[Saved entries]

(* A minimising sequence is Cauchy because midpoints of its terms stay in K. *)
lemma closed_csubspace_nearest_point:
  fixes K :: "'a::chilbert set"
  assumes cl: "closed K" and cs: "csubspace K"
  shows "\<exists>p\<in>K. \<forall>k\<in>K. norm (x - p) \<le> norm (x - k)"
proof -
  let ?dist = "\<lambda>k. norm (x - k)"
  define d where "d = Inf (?dist ` K)"
  have ne: "?dist ` K \<noteq> {}" using csubspace_0[OF cs] by blast
  have bdd: "bdd_below (?dist ` K)" by (rule bdd_belowI[of _ 0]) auto
  have dle: "\<forall>k\<in>K. d \<le> ?dist k" unfolding d_def using bdd by (auto intro: cInf_lower)
  have d0: "0 \<le> d" unfolding d_def using ne by (intro cInf_greatest) auto
  have "\<exists>k\<in>K. ?dist k < d + inverse (real (Suc n))" for n
    using cInf_less_iff[OF ne bdd, of "d + inverse (real (Suc n))"] unfolding d_def by auto
  then obtain k where kK: "\<And>n. k n \<in> K" and kd: "\<And>n. ?dist (k n) < d + inverse (real (Suc n))"
    by metis
  have "\<forall>\<^sub>F n in sequentially. d \<le> ?dist (k n)" using dle kK by simp
  moreover have "\<forall>\<^sub>F n in sequentially. ?dist (k n) \<le> d + inverse (real (Suc n))"
    using kd by (intro always_eventually allI less_imp_le)
  moreover have "(\<lambda>n. d + inverse (real (Suc n))) \<longlonglongrightarrow> d"
    using tendsto_add[OF tendsto_const LIMSEQ_inverse_real_of_nat, of d] by simp
  ultimately have lim: "(\<lambda>n. ?dist (k n)) \<longlonglongrightarrow> d"
    by (rule tendsto_sandwich[OF _ _ tendsto_const])
  have "Cauchy k"
  proof (rule Cauchy_if_dist_sq_le)
    show "(dist (k m) (k n))\<^sup>2 \<le> (2 * (?dist (k m))\<^sup>2 - 2 * d\<^sup>2) + (2 * (?dist (k n))\<^sup>2 - 2 * d\<^sup>2)"
      for m n
      unfolding dist_norm by (rule csubspace_parallelogram_bound[OF cs dle d0 kK kK])
    have "(\<lambda>n. 2 * (?dist (k n))\<^sup>2 - 2 * d\<^sup>2) \<longlonglongrightarrow> 2 * d\<^sup>2 - 2 * d\<^sup>2"
      by (intro tendsto_intros lim)
    then show "(\<lambda>n. 2 * (?dist (k n))\<^sup>2 - 2 * d\<^sup>2) \<longlonglongrightarrow> 0" by simp
  qed
  then obtain p where kp: "k \<longlonglongrightarrow> p" using Cauchy_convergent_iff convergent_def by blast
  have "p \<in> K" using closed_sequentially[OF cl] kK kp by blast
  moreover have "(\<lambda>n. ?dist (k n)) \<longlonglongrightarrow> ?dist p" by (intro tendsto_intros kp)
  then have "?dist p = d" using lim LIMSEQ_unique by blast
  ultimately show ?thesis using dle by auto
qed

(* Otherwise moving p along k by the coefficient of x - p on k gets strictly closer to x. *)
lemma nearest_point_orthogonal:
  fixes K :: "'a::chilbert set"
  assumes cs: "csubspace K" and pK: "p \<in> K" and pmin: "\<forall>k\<in>K. norm (x - p) \<le> norm (x - k)"
    and kK: "k \<in> K"
  shows "cinner k (x - p) = 0"
proof (rule ccontr)
  define v where "v = x - p"
  define a where "a = cinner k v"
  assume "cinner k (x - p) \<noteq> 0"
  then have a0: "a \<noteq> 0" by (simp add: a_def v_def)
  then have r0: "0 < norm k" by (auto simp: a_def)
  define w where "w = cscale (a / complex_of_real ((norm k)\<^sup>2)) k"
  have "p + w \<in> K" unfolding w_def by (intro csubspace_add[OF cs pK] csubspace_cscale[OF cs kK])
  then have "norm v \<le> norm (v - w)" using pmin by (simp add: v_def algebra_simps)
  then have "(norm v)\<^sup>2 \<le> (norm (v - w))\<^sup>2" by (simp add: power_mono)
  then have ineq: "2 * Re (cinner v w) \<le> (norm w)\<^sup>2" by (simp add: norm_sq_diff)
  have "cinner v w = a / complex_of_real ((norm k)\<^sup>2) * cnj a"
    by (simp add: w_def a_def cinner_cscale_right) (metis cinner_commute)
  also have "\<dots> = complex_of_real ((cmod a)\<^sup>2 / (norm k)\<^sup>2)"
    using complex_norm_square[of a, symmetric] by (simp del: of_real_power)
  finally have "Re (cinner v w) = (cmod a)\<^sup>2 / (norm k)\<^sup>2" by simp
  moreover have "(norm w)\<^sup>2 = (cmod a)\<^sup>2 / (norm k)\<^sup>2"
    using r0 by (simp add: w_def norm_cscale norm_divide norm_mult power2_eq_square)
  moreover have "0 < (cmod a)\<^sup>2 / (norm k)\<^sup>2" using a0 r0 by simp
  ultimately show False using ineq by linarith
qed

definition cproj :: "'a::chilbert set \<Rightarrow> 'a \<Rightarrow> 'a" where
  "cproj K x = (SOME p. p \<in> K \<and> (\<forall>k\<in>K. cinner k (x - p) = 0))"

context
  fixes K :: "'a::chilbert set"
  assumes cl: "closed K" and cs: "csubspace K"
begin

lemma cproj_in_orth: "cproj K x \<in> K \<and> (\<forall>k\<in>K. cinner k (x - cproj K x) = 0)"
proof -
  obtain p where "p \<in> K" "\<forall>k\<in>K. norm (x - p) \<le> norm (x - k)"
    using closed_csubspace_nearest_point[OF cl cs] by blast
  then have "p \<in> K \<and> (\<forall>k\<in>K. cinner k (x - p) = 0)"
    using nearest_point_orthogonal[OF cs] by blast
  then show ?thesis unfolding cproj_def by (rule someI)
qed

lemma cproj_in: "cproj K x \<in> K"
  using cproj_in_orth by blast

lemma cproj_orth: "k \<in> K \<Longrightarrow> cinner k (x - cproj K x) = 0"
  using cproj_in_orth by blast

lemma cproj_unique:
  assumes pK: "p \<in> K" and po: "\<forall>k\<in>K. cinner k (x - p) = 0"
  shows "cproj K x = p"
proof -
  have d: "cproj K x - p \<in> K" by (rule csubspace_diff[OF cs cproj_in pK])
  have "cinner (cproj K x - p) (cproj K x - p)
      = cinner (cproj K x - p) (x - p) - cinner (cproj K x - p) (x - cproj K x)"
    by (simp add: cinner_diff_right)
  also have "\<dots> = 0" using po cproj_orth d by simp
  finally show ?thesis by (simp add: cinner_self_eq_0)
qed

lemma cproj_id: "x \<in> K \<Longrightarrow> cproj K x = x"
  by (rule cproj_unique) auto

lemma cproj_add: "cproj K (x + y) = cproj K x + cproj K y"
proof (rule cproj_unique)
  show "cproj K x + cproj K y \<in> K" by (intro csubspace_add[OF cs] cproj_in)
  have e: "x + y - (cproj K x + cproj K y) = (x - cproj K x) + (y - cproj K y)" by simp
  show "\<forall>k\<in>K. cinner k (x + y - (cproj K x + cproj K y)) = 0"
    unfolding e cinner_add_right by (simp add: cproj_orth)
qed

lemma cproj_cscale: "cproj K (cscale c x) = cscale c (cproj K x)"
proof (rule cproj_unique)
  show "cscale c (cproj K x) \<in> K" by (intro csubspace_cscale[OF cs] cproj_in)
  show "\<forall>k\<in>K. cinner k (cscale c x - cscale c (cproj K x)) = 0"
    using cproj_orth by (simp add: cscale_diff_right[symmetric] cinner_cscale_right)
qed

lemma cproj_norm_le: "norm (cproj K x) \<le> norm x"
proof -
  have "(norm x)\<^sup>2 = (norm (cproj K x))\<^sup>2 + (norm (x - cproj K x))\<^sup>2"
    using norm_sq_add[of "cproj K x" "x - cproj K x"] cproj_orth[OF cproj_in, of x] by simp
  then show ?thesis using power2_le_imp_le[of "norm (cproj K x)" "norm x"] by simp
qed

lemma cproj_sym: "cinner (cproj K x) y = cinner x (cproj K y)"
proof -
  have "cinner (cproj K x) (y - cproj K y) = 0" by (rule cproj_orth[OF cproj_in])
  moreover have "cinner (x - cproj K x) (cproj K y) = 0"
    using cproj_orth[OF cproj_in] cinner_orth_commute by blast
  ultimately show ?thesis by (simp add: cinner_diff_right cinner_diff_left)
qed

lemma cproj_bop: "cproj K \<in> bop"
  unfolding bop_def
proof (intro CollectI conjI allI)
  show "bounded_linear (cproj K)"
    by (rule bounded_linear_intro[where K=1])
      (auto simp: cproj_add cproj_norm_le cproj_cscale[of "complex_of_real _", unfolded cscale_of_real])
qed (rule cproj_cscale)

end

section \<open>Adjoints\<close>

lemma bop_bounded_linear: "T \<in> bop \<Longrightarrow> bounded_linear T"
  by (simp add: bop_def)

lemma bop_cscale: "T \<in> bop \<Longrightarrow> T (cscale c x) = cscale c (T x)"
  by (simp add: bop_def)

lemma bop_comp: "A \<in> bop \<Longrightarrow> B \<in> bop \<Longrightarrow> A \<circ> B \<in> bop"
  by (auto simp: bop_def comp_def intro: bounded_linear_compose)

lemma bop_diff: "A \<in> bop \<Longrightarrow> B \<in> bop \<Longrightarrow> (\<lambda>x. A x - B x) \<in> bop"
  by (auto simp: bop_def cscale_diff_right intro: bounded_linear_sub)

lemma adj_eqI:
  assumes "\<And>x y. cinner (T x) y = cinner x (S y)"
  shows "adj T = S"
  unfolding adj_def
proof (rule the_equality)
  fix S' assume "\<forall>x y. cinner (T x) y = cinner x (S' y)"
  then show "S' = S" using assms by (metis cinner_ext ext)
qed (use assms in blast)

lemma riesz_representation:
  fixes f :: "'a::chilbert \<Rightarrow> complex"
  assumes bl: "bounded_linear f" and cl: "\<And>c x. f (cscale c x) = c * f x"
  shows "\<exists>z. \<forall>x. f x = cinner z x"
proof (cases "\<forall>x. f x = 0")
  case True then show ?thesis by (intro exI[of _ 0]) simp
next
  case False
  then obtain w where fw: "f w \<noteq> 0" by blast
  define K where "K = f -` {0}"
  have Kcl: "closed K" unfolding K_def
    by (rule continuous_closed_vimage) (auto intro: linear_continuous_at bl)
  have Kcs: "csubspace K" unfolding K_def csubspace_def
    using bounded_linear_zero[OF bl] bounded_linear_add[OF bl] cl by auto
  define u where "u = w - cproj K w"
  have uo: "cinner k u = 0" if "k \<in> K" for k using cproj_orth[OF Kcl Kcs that] by (simp add: u_def)
  have fu: "f u = f w" using cproj_in[OF Kcl Kcs, of w]
    by (simp add: u_def bounded_linear_diff[OF bl] K_def)
  have "f x = cinner (cscale (cnj (f u) / complex_of_real ((norm u)\<^sup>2)) u) x" for x
  proof -
    have "x - cscale (f x / f u) u \<in> K" unfolding K_def
      using fu fw by (simp add: bounded_linear_diff[OF bl] cl)
    then have "cinner u (x - cscale (f x / f u) u) = 0" using uo cinner_orth_commute by blast
    then have "cinner u x = f x / f u * complex_of_real ((norm u)\<^sup>2)"
      by (simp add: cinner_diff_right cinner_cscale_right cinner_self)
    moreover have "u \<noteq> 0" using fu fw bounded_linear_zero[OF bl] by auto
    ultimately show ?thesis using fw fu by (simp add: cinner_cscale_left field_simps)
  qed
  then show ?thesis by blast
qed

lemma adjoint_exists:
  fixes T :: "'a::chilbert \<Rightarrow> 'a"
  assumes T: "T \<in> bop"
  shows "\<exists>S. \<forall>x y. cinner (T x) y = cinner x (S y)"
proof -
  have bl: "bounded_linear T" using T by (rule bop_bounded_linear)
  obtain B where B: "\<And>x. norm (T x) \<le> norm x * B" using bounded_linear.bounded[OF bl] by blast
  have "\<exists>z. \<forall>x. cinner (T x) y = cinner x z" for y
  proof -
    have "bounded_linear (\<lambda>x. cinner y (T x))"
    proof (rule bounded_linear_intro[where K="norm y * B"])
      show "cinner y (T (x + z)) = cinner y (T x) + cinner y (T z)" for x z
        by (simp add: bounded_linear_add[OF bl] cinner_add_right)
      show "cinner y (T (scaleR r x)) = scaleR r (cinner y (T x))" for r x
        by (simp add: bounded_linear_scaleR[OF bl] cinner_scaleR_right scaleR_conv_of_real)
      show "norm (cinner y (T x)) \<le> norm x * (norm y * B)" for x
        using cauchy_schwarz[of y "T x"] mult_left_mono[OF B[of x] norm_ge_zero[of y]]
        by (simp add: mult_ac)
    qed
    moreover have "cinner y (T (cscale c x)) = c * cinner y (T x)" for c x
      by (simp add: bop_cscale[OF T] cinner_cscale_right)
    ultimately obtain z where "\<forall>x. cinner y (T x) = cinner z x"
      using riesz_representation by blast
    then show ?thesis by (metis cinner_commute)
  qed
  then show ?thesis by metis
qed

# WHAT IS REQUIRED
Each line from the start of the records through the line holding "kp by blast" must be returned exactly; nothing else belongs in the answer.

# TASK OUTPUT
(* A minimising sequence is Cauchy because midpoints of its terms stay in K. *)
lemma closed_csubspace_nearest_point:
  fixes K :: "'a::chilbert set"
  assumes cl: "closed K" and cs: "csubspace K"
  shows "\<exists>p\<in>K. \<forall>k\<in>K. norm (x - p) \<le> norm (x - k)"
proof -
  let ?dist = "\<lambda>k. norm (x - k)"
  define d where "d = Inf (?dist ` K)"
  have ne: "?dist ` K \<noteq> {}" using csubspace_0[OF cs] by blast
  have bdd: "bdd_below (?dist ` K)" by (rule bdd_belowI[of _ 0]) auto
  have dle: "\<forall>k\<in>K. d \<le> ?dist k" unfolding d_def using bdd by (auto intro: cInf_lower)
  have d0: "0 \<le> d" unfolding d_def using ne by (intro cInf_greatest) auto
  have "\<exists>k\<in>K. ?dist k < d + inverse (real (Suc n))" for n
    using cInf_less_iff[OF ne bdd, of "d + inverse (real (Suc n))"] unfolding d_def by auto
  then obtain k where kK: "\<And>n. k n \<in> K" and kd: "\<And>n. ?dist (k n) < d + inverse (real (Suc n))"
    by metis
  have "\<forall>\<^sub>F n in sequentially. d \<le> ?dist (k n)" using dle kK by simp
  moreover have "\<forall>\<^sub>F n in sequentially. ?dist (k n) \<le> d + inverse (real (Suc n))"
    using kd by (intro always_eventually allI less_imp_le)
  moreover have "(\<lambda>n. d + inverse (real (Suc n))) \<longlonglongrightarrow> d"
    using tendsto_add[OF tendsto_const LIMSEQ_inverse_real_of_nat, of d] by simp
  ultimately have lim: "(\<lambda>n. ?dist (k n)) \<longlonglongrightarrow> d"
    by (rule tendsto_sandwich[OF _ _ tendsto_const])
  have "Cauchy k"
  proof (rule Cauchy_if_dist_sq_le)
    show "(dist (k m) (k n))\<^sup>2 \<le> (2 * (?dist (k m))\<^sup>2 - 2 * d\<^sup>2) + (2 * (?dist (k n))\<^sup>2 - 2 * d\<^sup>2)"
      for m n
      unfolding dist_norm by (rule csubspace_parallelogram_bound[OF cs dle d0 kK kK])
    have "(\<lambda>n. 2 * (?dist (k n))\<^sup>2 - 2 * d\<^sup>2) \<longlonglongrightarrow> 2 * d\<^sup>2 - 2 * d\<^sup>2"
      by (intro tendsto_intros lim)
    then show "(\<lambda>n. 2 * (?dist (k n))\<^sup>2 - 2 * d\<^sup>2) \<longlonglongrightarrow> 0" by simp
  qed
  then obtain p where kp: "k \<longlonglongrightarrow> p" using Cauchy_convergent_iff convergent_def by blast
  have "p \<in> K" using closed_sequentially[OF cl] kK kp by blast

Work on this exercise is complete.